The month of July is characterized by two things for me:
1) a solid week of listening to Christmas music.
2) fear of the blog.
Last July, I experienced "fear of the blog." Symptoms included constantly thinking about what you could write about, halfway writing a dozen posts, never publishing any of them, and then feeling bad for being such a lazy writer. All of which is bad blood for writing.
And this July, true to form, in addition to listening to the Pandora Christmas station (it's a good one--I recommend it), I have been dreading and dreading and dreading this little space of internet cloudpuff I've created.
It comes down to this:
“What nobody tells people who are beginners — and I really wish someone had told this to me . . . is that all of us who do creative work, we get into it because we have good taste. But there is this gap. For the first couple years you make stuff, and it’s just not that good. It’s trying to be good, it has potential, but it’s not." (Ira Glass)
Thanks Ira. And yep, I know it's not that good. I have big dreams of writing and photographing and being "artsy" or whatever (not to be confused with being hipster), but lately, when I write something, I can't bring myself to hit that PUBLISH button when I see that it is less than all my grand scheming had imagined it would be.
So I shelf it and think, "Well, I'll come back to it tomorrow and really polish it up."
Which I never do, of course.
Sometimes wanting things to be perfect is just too heavy! I need to stop expecting that of myself. Ira says I do too:
"But your taste, the thing that got you into the game, is still killer. And your taste is why your work disappoints you. A lot of people never get past this phase. They quit. Most people I know who do interesting, creative work went through years of this. We know our work doesn’t have this special thing that we want it to have. We all go through this. And if you are just starting out or you are still in this phase, you gotta know it’s normal and the most important thing you can do is do a lot of work. Put yourself on a deadline so that every week you will finish one story.

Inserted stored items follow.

(* Let $\mathbb X$ and $\mathbb Y$ be bounded domains in $\mathbb C$ and let $\Phi$ be a positive continuous weight on $\mathbb Y$. Suppose $h\colon\mathbb X\to\mathbb Y$ and $H\colon\mathbb X\to\mathbb Y$ are orientation-preserving $C^\infty$-diffeomorphisms onto $\mathbb Y$ with finite $\Phi$-weighted Dirichlet energy, and set $f:=H^{-1}\circ h\colon\mathbb X\to\mathbb X$. Then \[ \mathscr E^\Phi_{\mathbb X}[H]-\mathscr E^\Phi_{\mathbb X}[h]=4\int_{\mathbb X}\left[\frac{|f_z-\gamma(z)f_{\bar z}|^2}{|f_z|^2-|f_{\bar z}|^2}-1\right]\Phi(h)|h_zh_{\bar z}|\,dz+4\int_{\mathbb X}\Phi(h)\frac{(|h_z|-|h_{\bar z}|)^2|f_{\bar z}|^2}{|f_z|^2-|f_{\bar z}|^2}\,dz, \] where $\gamma(z)=h_z\overline{h_{\bar z}}\,|h_z\overline{h_{\bar z}}|^{-1}$ if $h_zh_{\bar z}\neq0$ and $\gamma(z)=0$ otherwise; moreover, the integrals on the right-hand side converge.
   Context: For a map $g\colon\mathbb X\to\mathbb Y$ the $\Phi$-weighted Dirichlet energy is $\mathscr E^\Phi_{\mathbb X}[g]=\int_{\mathbb X}\Phi(g(z))\|Dg(z)\|^2\,dz$, where $\|Dg\|$ is the Hilbert–Schmidt norm (so $\|Dg\|^2=2(|g_z|^2+|g_{\bar z}|^2)$). Here $g_z,g_{\bar z}$ denote the complex (Wirtinger) derivatives. *)

theory Defs
  imports "HOL-Analysis.Analysis"
begin

definition Dg :: "(complex \<Rightarrow> complex) \<Rightarrow> complex \<Rightarrow> complex \<Rightarrow> complex" where
  "Dg g z v = frechet_derivative g (at z) v"

definition wz :: "(complex \<Rightarrow> complex) \<Rightarrow> complex \<Rightarrow> complex" where
  "wz g z = (Dg g z 1 - \<i> * Dg g z \<i>) / 2"

definition wzbar :: "(complex \<Rightarrow> complex) \<Rightarrow> complex \<Rightarrow> complex" where
  "wzbar g z = (Dg g z 1 + \<i> * Dg g z \<i>) / 2"

definition hs_sq :: "(complex \<Rightarrow> complex) \<Rightarrow> complex \<Rightarrow> real" where
  "hs_sq g z = (cmod (Dg g z 1))\<^sup>2 + (cmod (Dg g z \<i>))\<^sup>2"

definition jac :: "(complex \<Rightarrow> complex) \<Rightarrow> complex \<Rightarrow> real" where
  "jac g z = Re (Dg g z 1) * Im (Dg g z \<i>) - Im (Dg g z 1) * Re (Dg g z \<i>)"

fun Ck_on :: "nat \<Rightarrow> complex set \<Rightarrow> (complex \<Rightarrow> complex) \<Rightarrow> bool" where
  "Ck_on 0 S g = continuous_on S g"
| "Ck_on (Suc k) S g = (g differentiable_on S \<and> (\<forall>v. Ck_on k S (\<lambda>z. Dg g z v)))"

definition smooth_on :: "complex set \<Rightarrow> (complex \<Rightarrow> complex) \<Rightarrow> bool" where
  "smooth_on S g = (\<forall>k. Ck_on k S g)"

definition op_diffeo :: "complex set \<Rightarrow> complex set \<Rightarrow> (complex \<Rightarrow> complex) \<Rightarrow> bool" where
  "op_diffeo X Y g = (bij_betw g X Y \<and> smooth_on X g \<and> smooth_on Y (inv_into X g)
       \<and> (\<forall>z\<in>X. jac g z > 0))"

definition domain :: "complex set \<Rightarrow> bool" where
  "domain S = (open S \<and> connected S \<and> S \<noteq> {})"

definition energy :: "(complex \<Rightarrow> real) \<Rightarrow> complex set \<Rightarrow> (complex \<Rightarrow> complex) \<Rightarrow> real" where
  "energy \<Phi> X g = (LINT z:X|lborel. \<Phi> (g z) * hs_sq g z)"

definition finite_energy :: "(complex \<Rightarrow> real) \<Rightarrow> complex set \<Rightarrow> (complex \<Rightarrow> complex) \<Rightarrow> bool" where
  "finite_energy \<Phi> X g = set_integrable lborel X (\<lambda>z. \<Phi> (g z) * hs_sq g z)"

definition gam :: "(complex \<Rightarrow> complex) \<Rightarrow> complex \<Rightarrow> complex" where
  "gam h z = (if wz h z * wzbar h z \<noteq> 0
      then wz h z * cnj (wzbar h z) / complex_of_real (cmod (wz h z * cnj (wzbar h z)))
      else 0)"

end

(*
  Write h = H o f with f = H^-1 o h, a diffeomorphism of X onto itself. The change of
  variables w = f z turns the energy of H into the integral over X of
  J_f * Phi(h) * |DH(f)|^2, so the energy difference is the integral of a pointwise
  difference of densities. The chain rule h_z = H_z(f) f_z + H_zbar(f) conj f_zbar,
  h_zbar = H_z(f) f_zbar + H_zbar(f) conj f_z can be solved for H_z(f), H_zbar(f) because
  J_f = |f_z|^2 - |f_zbar|^2 > 0, and an algebraic identity then turns the density
  difference into four times the sum of the two integrands. The second integrand is
  nonnegative, and the first is bounded below by -Phi(h) |h_z h_zbar| >= -Phi(h) |Dh|^2 / 4,
  which is integrable; hence both are integrable.
*)

theory Submission
  imports Defs
begin

(* The change-of-variables theorem of HOL-Analysis is stated for real^'n. *)
definition vec_of_complex :: "complex \<Rightarrow> real^2" where
  "vec_of_complex z = vector [Re z, Im z]"

definition complex_of_vec :: "real^2 \<Rightarrow> complex" where
  "complex_of_vec y = Complex (y$1) (y$2)"

lemma vec_of_complex_nth [simp]: "vec_of_complex z $ 1 = Re z" "vec_of_complex z $ 2 = Im z"
  by (simp_all add: vec_of_complex_def)

lemma complex_of_vec_inverse [simp]: "complex_of_vec (vec_of_complex z) = z"
  by (simp add: complex_of_vec_def complex_eq_iff)

lemma vec_of_complex_inverse [simp]: "vec_of_complex (complex_of_vec y) = y"
  by (simp add: complex_of_vec_def vec_eq_iff forall_2)

lemma complex_of_vec_axis [simp]: "complex_of_vec (axis 1 1) = 1" "complex_of_vec (axis 2 1) = \<i>"
  by (simp_all add: complex_of_vec_def axis_def complex_eq_iff)

lemma bounded_linear_vec_of_complex: "bounded_linear vec_of_complex"
  by (auto intro!: linearI simp: linear_conv_bounded_linear[symmetric] vec_eq_iff forall_2)

lemma bounded_linear_complex_of_vec: "bounded_linear complex_of_vec"
  by (auto intro!: linearI simp: linear_conv_bounded_linear[symmetric] complex_of_vec_def complex_eq_iff)

lemma vec_of_complex_measurable [measurable]: "vec_of_complex \<in> borel_measurable borel"
  and complex_of_vec_measurable [measurable]: "complex_of_vec \<in> borel_measurable borel"
  using bounded_linear_vec_of_complex bounded_linear_complex_of_vec
  by (simp_all add: borel_measurable_continuous_onI linear_continuous_on)

lemma distr_vec_of_complex_lborel: "distr lborel borel vec_of_complex = lborel"
proof (rule lborel_eqI[symmetric])
  fix l u :: "real^2"
  assume le: "\<And>b. b \<in> Basis \<Longrightarrow> l \<bullet> b \<le> u \<bullet> b"
  have Basis_eq: "(Basis :: (real^2) set) = {axis 1 1, axis 2 1}"
    by (auto simp: Basis_vec_def UNIV_2)
  have axis_neq: "axis 1 (1::real) \<noteq> (axis 2 1 :: real^2)"
    by (simp add: axis_eq_axis)
  have "vec_of_complex -` box l u = box (complex_of_vec l) (complex_of_vec u)"
    by (auto simp: mem_box_cart in_box_complex_iff complex_of_vec_def forall_2)
  moreover have "l $ 1 \<le> u $ 1" "l $ 2 \<le> u $ 2"
    using le[of "axis 1 1"] le[of "axis 2 1"] by (auto simp: Basis_vec_def inner_axis)
  ultimately show "emeasure (distr lborel borel vec_of_complex) (box l u) = (\<Prod>b\<in>Basis. (u - l) \<bullet> b)"
    by (simp add: emeasure_distr emeasure_lborel_box_eq Basis_eq axis_neq Basis_complex_def
        inner_axis complex_of_vec_def)
qed simp

lemma set_integrable_complex_iff_vec:
  fixes F :: "complex \<Rightarrow> real"
  assumes meas: "set_borel_measurable lborel S F"
  shows "set_integrable lborel S F
    \<longleftrightarrow> (\<lambda>y. F (complex_of_vec y)) absolutely_integrable_on (complex_of_vec -` S)"
    and "set_integrable lborel S F
    \<Longrightarrow> (LINT z:S|lborel. F z) = integral (complex_of_vec -` S) (\<lambda>y. F (complex_of_vec y))"
proof -
  define G where "G y = indicator S (complex_of_vec y) * F (complex_of_vec y)" for y
  have [measurable]: "G \<in> borel_measurable borel"
    unfolding G_def using meas by (simp add: set_borel_measurable_def)
  have G_vec: "(\<lambda>z. G (vec_of_complex z)) = (\<lambda>z. indicator S z *\<^sub>R F z)"
    by (simp add: G_def)
  have G_preimage: "(\<lambda>y. indicator (complex_of_vec -` S) y *\<^sub>R F (complex_of_vec y)) = G"
    by (auto simp: G_def indicator_def)
  have G_lborel: "G \<in> lborel \<rightarrow>\<^sub>M borel"
    by simp
  have G_integrable: "integrable lborel G \<longleftrightarrow> integrable lborel (\<lambda>z. G (vec_of_complex z))"
    by (subst distr_vec_of_complex_lborel[symmetric]) (rule integrable_distr_eq; simp)
  have G_integral: "integral\<^sup>L lborel G = integral\<^sup>L lborel (\<lambda>z. G (vec_of_complex z))"
    by (subst distr_vec_of_complex_lborel[symmetric]) (rule integral_distr; simp)
  have "set_integrable lborel S F \<longleftrightarrow> integrable lborel G"
    unfolding set_integrable_def G_integrable G_vec ..
  also have "\<dots> \<longleftrightarrow> (\<lambda>y. F (complex_of_vec y)) absolutely_integrable_on (complex_of_vec -` S)"
    unfolding set_integrable_def G_preimage integrable_completion[OF G_lborel] ..
  finally show iff: "set_integrable lborel S F
    \<longleftrightarrow> (\<lambda>y. F (complex_of_vec y)) absolutely_integrable_on (complex_of_vec -` S)" .
  assume int: "set_integrable lborel S F"
  have "(LINT z:S|lborel. F z) = integral\<^sup>L lborel G"
    unfolding set_lebesgue_integral_def G_integral G_vec ..
  also have "\<dots> = (LINT y:(complex_of_vec -` S)|lebesgue. F (complex_of_vec y))"
    unfolding set_lebesgue_integral_def G_preimage integral_completion[OF G_lborel] ..
  also have "\<dots> = integral (complex_of_vec -` S) (\<lambda>y. F (complex_of_vec y))"
    using int iff by (simp add: set_lebesgue_integral_eq_integral(2))
  finally show "(LINT z:S|lborel. F z) = integral (complex_of_vec -` S) (\<lambda>y. F (complex_of_vec y))" .
qed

"It is only by going through a volume of work that you will close that gap, and your work will be as good as your ambitions. And I took longer to figure out how to do this than anyone I’ve ever met. It’s gonna take awhile. It’s normal to take awhile. You’ve just gotta fight your way through.”
Oh and John Talbot said something similar when he told me to relax about my thesis. I was stressin about how in the world would I convey all the *brilliant* discoveries I'd made in researching this literature?! There were too many and they were too vastly and intricately connected to explain them all in one thesis! The work of literary study is a constant awakening to an enormous and sublime network of ideas and meaning. How could I convey that in one measly little paper? He said I didn't have to. My audience hadn't had two years to think through all the minute details of the project, and hence wouldn't know they were missing out if I were only to share one small sliver of my research. It'd be new to them and mind-blowing and all those great things.
I forget that sometimes--that when other people read my writing, it's all new and fresh to them. They haven't been living in my head for all the minutes I spent creating it. They didn't see what I'd dreamed the thing to be, and hence have no idea if it fell short. How can they be disappointed when it's all new to their eyes? Hence, I say any movement towards creation is good, because even if the creation ends up weaker than you'd hoped, you still brought into existence a thing pointed in the direction you are aiming for, and hence you inch yourself in that direction as well.
And most important, as Bryce, a fellow literary person (not hipster either), said:
The most important thing is that you keep writing.
So for all those of you artists (aka: everybody) who have ever been overwhelmed by just how far your creations are from what you'd dreamed they would be, here's a little lighthearted post to break the bad karma and bring in some good fresh air.
This lighthearted post shall begin like this:
Everything went wrong this weekend. (Annnnd I'm apparently being loose with the term "light-hearted.") First, the camera store screwed up my order. Second, my sister killed my basil plant. (Believe me, this is more traumatic than you might think.) Then this morning I ruined my new dress (boo), the road to my house was blocked off, and my cousin jumped off a rock in our backyard and broke her leg.
I know these aren't devastating things (well, all except the basil. (jk, jk, the broken leg was pretty bad)). But the stink of it was mostly just the futility of the whole weekend. You know, where you set out bright-eyed in the morning, ready to slay dragons and build castles, but then you can't get out the front door without some silly little thing going wrong. That's how all weekend felt.
So here's the happy part: while said cousin was in the hospital getting her leg fixed, I got to babysit the two younger cousins, ages 3 and 4. We raced HotWheels and talked on pretend telephones and I explained to them what a cast was and wrapped their legs up in a bandage to show them how it worked. And I realized, you know, someday when I have kids, I'm gonna like it. And I'm gonna be a rockin mom who plays HotWheels and paints fingernails and builds blanketforts and goes on jungle expeditions in the backyard and sings lullabyes every night. So you better be excited little kiddies who are coming my way someday. Because I'm waiting for you and it's gonna be F.U.N.
So so true. I love this. You will be the best.